Task description
Using the material below, return exactly the lines between the one holding "powr b * exp" and the one holding "text \<open>The summand", inclusive, and no others.

Material for this exercise
lemma gker_powr_le_of_le:
  fixes H \<gamma> q b x y y1 :: real
  assumes "H > 0" "\<gamma> \<ge> 0" "b \<ge> 0" "y1 \<le> x" "x \<le> y"
  shows "gker H \<gamma> q x y powr b \<le> 1 + b * exp (b * H) * H * (1 + \<bar>y1\<bar>) powr \<gamma> * (1 + x - y1) powr (-\<gamma>)"
proof -
  define h where "h = H * (1 + \<bar>x\<bar>) powr (-\<gamma>)"
  have "(1 + \<bar>x\<bar>) powr (-\<gamma>) \<le> 1 powr (-\<gamma>)" using assms by (intro powr_mono2') auto
  hence h: "0 \<le> h" "h \<le> H" unfolding h_def using assms by (auto simp: mult_left_le)
  have "gker H \<gamma> q x y powr b = (1 + h) powr b" using assms unfolding gker_def h_def by simp
  also have "\<dots> \<le> exp (b * h)" using h assms by (intro powr_le_exp_mult) auto
  also have "\<dots> \<le> 1 + b * h * exp (b * h)" using h assms by (intro exp_le_one_plus_mult_exp) auto
  also have "\<dots> \<le> 1 + b * h * exp (b * H)"
    using h assms by (intro add_left_mono mult_left_mono) (auto intro: mult_left_mono)
  also have "\<dots> \<le> 1 + b * exp (b * H) * H * (1 + \<bar>y1\<bar>) powr \<gamma> * (1 + x - y1) powr (-\<gamma>)"
  proof -
    have "h \<le> H * ((1 + \<bar>y1\<bar>) powr \<gamma> * (1 + x - y1) powr (-\<gamma>))"
      unfolding h_def using one_plus_abs_powr_neg_le[of \<gamma> y1 x] assms by (intro mult_left_mono) auto
    hence "b * exp (b * H) * h \<le> b * exp (b * H) * (H * ((1 + \<bar>y1\<bar>) powr \<gamma> * (1 + x - y1) powr (-\<gamma>)))"
      using assms by (intro mult_left_mono) auto
    thus ?thesis by (simp add: mult_ac)
  qed
  finally show ?thesis .
qed

lemma gker_powr_of_less:
  fixes H \<gamma> q b x y :: real assumes "H > 0" "y < x"
  shows "gker H \<gamma> q x y powr b = H powr b * exp (b / q * (y - x))"
  using assms unfolding gker_def by (simp add: powr_def ln_mult exp_add[symmetric] algebra_simps)

text \<open>The summand \<open>1\<close> only serves to make the slack at least \<open>1\<close>.\<close>
definition gker_slack :: "real \<Rightarrow> real \<Rightarrow> real \<Rightarrow> real \<Rightarrow> real \<Rightarrow> real" where
  "gker_slack H \<gamma> q b y1 = 1 + b * exp (b * H) * H * (1 + \<bar>y1\<bar>) powr \<gamma> / (\<gamma> - 1) + H powr b * q / b"

lemma nn_integral_gker_powr_head:
  fixes H \<gamma> q b y1 s y :: real
  assumes "H > 0" "\<gamma> > 1" "b > 0" "q > 0" "y1 \<le> s" "s \<le> y"
  shows "(\<integral>\<^sup>+ x \<in> {y1..s}. ennreal (gker H \<gamma> q x y powr b) \<partial>lborel) \<le> ennreal (s - y1 + gker_slack H \<gamma> q b y1)"
proof -
  define c where "c = b * exp (b * H) * H * (1 + \<bar>y1\<bar>) powr \<gamma>"
  have c: "c \<ge> 0" using assms unfolding c_def by simp
  have "(\<integral>\<^sup>+ x \<in> {y1..s}. ennreal (gker H \<gamma> q x y powr b) \<partial>lborel)
      \<le> (\<integral>\<^sup>+ x \<in> {y1..s}. ennreal (1 + c * (1 + x - y1) powr (-\<gamma>)) \<partial>lborel)"
    using gker_powr_le_of_le[of H \<gamma> b y1 _ y q] assms
    by (intro nn_integral_mono) (auto split: split_indicator intro!: ennreal_leI simp: c_def simp del: ennreal_plus)
  also have "\<dots> \<le> emeasure lborel {y1..s} + ennreal (c / (\<gamma> - 1))"
    using assms c by (intro nn_integral_one_plus_shifted_powr_le) auto
  also have "\<dots> = ennreal (s - y1 + c / (\<gamma> - 1))"
    using assms c by (simp add: ennreal_plus)
  also have "\<dots> \<le> ennreal (s - y1 + gker_slack H \<gamma> q b y1)"
    using assms unfolding gker_slack_def c_def by (intro ennreal_leI) simp
  finally show ?thesis .
qed

lemma nn_integral_gker_powr_tail:
  fixes H \<gamma> q b y1 s y :: real
  assumes "H > 0" "\<gamma> > 1" "b > 0" "q > 0" "y1 \<le> s" "s \<le> y"
  shows "(\<integral>\<^sup>+ x \<in> {s<..}. ennreal (gker H \<gamma> q x y powr b) \<partial>lborel) \<le> ennreal (y - s + gker_slack H \<gamma> q b y1)"
proof -
  define c where "c = b * exp (b * H) * H * (1 + \<bar>y1\<bar>) powr \<gamma>"
  have c: "c \<ge> 0" using assms unfolding c_def by simp
  have "(\<integral>\<^sup>+ x \<in> {s<..}. ennreal (gker H \<gamma> q x y powr b) \<partial>lborel)
      = (\<integral>\<^sup>+ x \<in> {s<..y}. ennreal (gker H \<gamma> q x y powr b) \<partial>lborel)
      + (\<integral>\<^sup>+ x \<in> {y<..}. ennreal (gker H \<gamma> q x y powr b) \<partial>lborel)"
    using assms by (subst nn_integral_add[symmetric]) (auto intro!: nn_integral_cong split: split_indicator)
  also have "(\<integral>\<^sup>+ x \<in> {s<..y}. ennreal (gker H \<gamma> q x y powr b) \<partial>lborel)
      \<le> (\<integral>\<^sup>+ x \<in> {s<..y}. ennreal (1 + c * (1 + x - y1) powr (-\<gamma>)) \<partial>lborel)"
    using gker_powr_le_of_le[of H \<gamma> b y1 _ y q] assms
    by (intro nn_integral_mono) (auto split: split_indicator intro!: ennreal_leI simp: c_def simp del: ennreal_plus)
  also have "\<dots> \<le> emeasure lborel {s<..y} + ennreal (c / (\<gamma> - 1))"
    using assms c by (intro nn_integral_one_plus_shifted_powr_le) auto
  also have "(\<integral>\<^sup>+ x \<in> {y<..}. ennreal (gker H \<gamma> q x y powr b) \<partial>lborel)
      \<le> (\<integral>\<^sup>+ x \<in> {y..}. ennreal (H powr b) * ennreal (exp (b / q * (y - x))) \<partial>lborel)"
    using gker_powr_of_less[of H y _ \<gamma> q b] assms
    by (intro nn_integral_mono) (auto split: split_indicator simp: ennreal_mult)
  also have "\<dots> = ennreal (H powr b) * ennreal (1 / (b / q))"
    using nn_integral_exp_decay[of "b / q" y] assms by (simp add: nn_integral_cmult mult.assoc)
  also have "emeasure lborel {s<..y} + ennreal (c / (\<gamma> - 1)) + ennreal (H powr b) * ennreal (1 / (b / q))
      = ennreal (y - s + c / (\<gamma> - 1) + H powr b * q / b)"
    using assms c by (simp add: ennreal_plus ennreal_mult[symmetric])
  also have "\<dots> \<le> ennreal (y - s + gker_slack H \<gamma> q b y1)"
    unfolding gker_slack_def c_def by (intro ennreal_leI) simp
  finally show ?thesis by (simp add: add_mono)
qed

context conjugate_exponents
begin

lemma nn_integral_gker_split_le:
  fixes H \<gamma> q y1 s y t1 t2 :: real and \<phi> :: "real \<Rightarrow> real"
  assumes "H > 0" "\<gamma> > 1" "q > 0"
    and [measurable]: "\<phi> \<in> borel_measurable lborel"
    and \<phi>: "\<And>x. \<phi> x \<ge> 0" "\<And>x. x < y1 \<Longrightarrow> \<phi> x = 0"
    and "y1 \<le> s" "s \<le> y" "t1 > 0" "t2 > 0"
  defines "K \<equiv> gker_slack H \<gamma> q b y1"
  shows "(\<integral>\<^sup>+ x. ennreal (gker H \<gamma> q x y * \<phi> x) \<partial>lborel)
    \<le> (ennreal (t1 powr b / b) * ennreal (s - y1 + K)
        + ennreal (t1 powr (-b') / b') * (\<integral>\<^sup>+ x \<in> {y1..s}. ennreal (\<phi> x powr b') \<partial>lborel))
      + (ennreal (t2 powr b / b) * ennreal (y - s + K)
        + ennreal (t2 powr (-b') / b') * (\<integral>\<^sup>+ x \<in> {s<..}. ennreal (\<phi> x powr b') \<partial>lborel))"
proof -
  note g = gker_nonneg[OF assms(1)]
  have "(\<integral>\<^sup>+ x. ennreal (gker H \<gamma> q x y * \<phi> x) \<partial>lborel)
      = (\<integral>\<^sup>+ x \<in> {y1..s}. ennreal (gker H \<gamma> q x y * \<phi> x) \<partial>lborel)
        + (\<integral>\<^sup>+ x \<in> {s<..}. ennreal (gker H \<gamma> q x y * \<phi> x) \<partial>lborel)"
    using \<phi>(2) by (subst nn_integral_add[symmetric]) (auto intro!: nn_integral_cong split: split_indicator)
  also have "\<dots> \<le> (ennreal (t1 powr b / b) * (\<integral>\<^sup>+ x \<in> {y1..s}. ennreal (gker H \<gamma> q x y powr b) \<partial>lborel)
        + ennreal (t1 powr (-b') / b') * (\<integral>\<^sup>+ x \<in> {y1..s}. ennreal (\<phi> x powr b') \<partial>lborel))
      + (ennreal (t2 powr b / b) * (\<integral>\<^sup>+ x \<in> {s<..}. ennreal (gker H \<gamma> q x y powr b) \<partial>lborel)
        + ennreal (t2 powr (-b') / b') * (\<integral>\<^sup>+ x \<in> {s<..}. ennreal (\<phi> x powr b') \<partial>lborel))"
    using g \<phi>(1) assms by (intro add_mono nn_integral_mult_le_Young) auto
  also have "\<dots> \<le> (ennreal (t1 powr b / b) * ennreal (s - y1 + K)
        + ennreal (t1 powr (-b') / b') * (\<integral>\<^sup>+ x \<in> {y1..s}. ennreal (\<phi> x powr b') \<partial>lborel))
      + (ennreal (t2 powr b / b) * ennreal (y - s + K)
        + ennreal (t2 powr (-b') / b') * (\<integral>\<^sup>+ x \<in> {s<..}. ennreal (\<phi> x powr b') \<partial>lborel))"
    using assms gt_one unfolding K_def
    by (intro add_mono mult_left_mono order_refl nn_integral_gker_powr_head nn_integral_gker_powr_tail) auto
  finally show ?thesis .
qed

lemma split_Young_estimate_gker:
  fixes H \<gamma> q y1 :: real and \<phi> :: "real \<Rightarrow> real"
  assumes "H > 0" "\<gamma> > 1" "q > 0"
    and [measurable]: "\<phi> \<in> borel_measurable lborel"
    and \<phi>: "\<And>x. \<phi> x \<ge> 0" "\<And>x. x < y1 \<Longrightarrow> \<phi> x = 0"
    and norm: "(\<integral>\<^sup>+ x \<in> {y1..}. ennreal (\<phi> x powr b') \<partial>lborel) \<le> 1"
  shows "split_Young_estimate b b' y1 (gker_slack H \<gamma> q b y1)
    (\<lambda>y. enn2real (\<integral>\<^sup>+ x. ennreal (gker H \<gamma> q x y * \<phi> x) \<partial>lborel))
    (\<lambda>s. enn2real (\<integral>\<^sup>+ x \<in> {y1..s}. ennreal (\<phi> x powr b') \<partial>lborel))
    (\<lambda>s. enn2real (\<integral>\<^sup>+ x \<in> {s<..}. ennreal (\<phi> x powr b') \<partial>lborel))"
proof (intro split_Young_estimate.intro conjugate_exponents_axioms split_Young_estimate_axioms.intro)
  let ?M1 = "\<lambda>s. \<integral>\<^sup>+ x \<in> {y1..s}. ennreal (\<phi> x powr b') \<partial>lborel"
  let ?M2 = "\<lambda>s. \<integral>\<^sup>+ x \<in> {s<..}. ennreal (\<phi> x powr b') \<partial>lborel"
  have total: "?M1 s + ?M2 s \<le> 1" if "y1 \<le> s" for s
  proof -
    have "?M1 s + ?M2 s = (\<integral>\<^sup>+ x \<in> {y1..}. ennreal (\<phi> x powr b') \<partial>lborel)"
      using that by (subst nn_integral_add[symmetric]) (auto intro!: nn_integral_cong split: split_indicator)
    thus ?thesis using norm by simp
  qed
  have finite: "?M1 s < top" "?M2 s < top" if "y1 \<le> s" for s
  proof -
    have "?M1 s \<le> 1" by (rule order_trans[OF add_increasing2[OF zero_le order_refl] total[OF that]])
    moreover have "?M2 s \<le> 1" by (rule order_trans[OF add_increasing[OF zero_le order_refl] total[OF that]])
    ultimately show "?M1 s < top" "?M2 s < top" using ennreal_one_less_top by (blast intro: le_less_trans)+
  qed
  show K: "gker_slack H \<gamma> q b y1 \<ge> 1" using assms gt_one unfolding gker_slack_def by simp
  show "enn2real (?M1 s) + enn2real (?M2 s) \<le> 1" if "y1 \<le> s" for s
  proof -
    have "ennreal (enn2real (?M1 s) + enn2real (?M2 s)) = ?M1 s + ?M2 s"
      using finite[OF that] by (simp add: ennreal_plus[OF enn2real_nonneg enn2real_nonneg] del: ennreal_plus)
    hence "ennreal (enn2real (?M1 s) + enn2real (?M2 s)) \<le> 1" using total[OF that] by simp
    thus ?thesis by (simp del: ennreal_plus)
  qed
  show "enn2real (\<integral>\<^sup>+ x. ennreal (gker H \<gamma> q x y * \<phi> x) \<partial>lborel)
      \<le> young_majorant t1 (s - y1 + gker_slack H \<gamma> q b y1) (enn2real (?M1 s))
        + young_majorant t2 (y - s + gker_slack H \<gamma> q b y1) (enn2real (?M2 s))"
    if "y1 \<le> s" "s \<le> y" "t1 > 0" "t2 > 0" for s y t1 t2
    using nn_integral_gker_split_le[OF assms(1-4) \<phi> that] that K finite[OF that(1)]
    by (intro enn2real_le_young_majorant_add) auto
qed simp_all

Answer to this exercise
  shows "gker H \<gamma> q x y powr b = H powr b * exp (b / q * (y - x))"
  using assms unfolding gker_def by (simp add: powr_def ln_mult exp_add[symmetric] algebra_simps)

text \<open>The summand \<open>1\<close> only serves to make the slack at least \<open>1\<close>.\<close>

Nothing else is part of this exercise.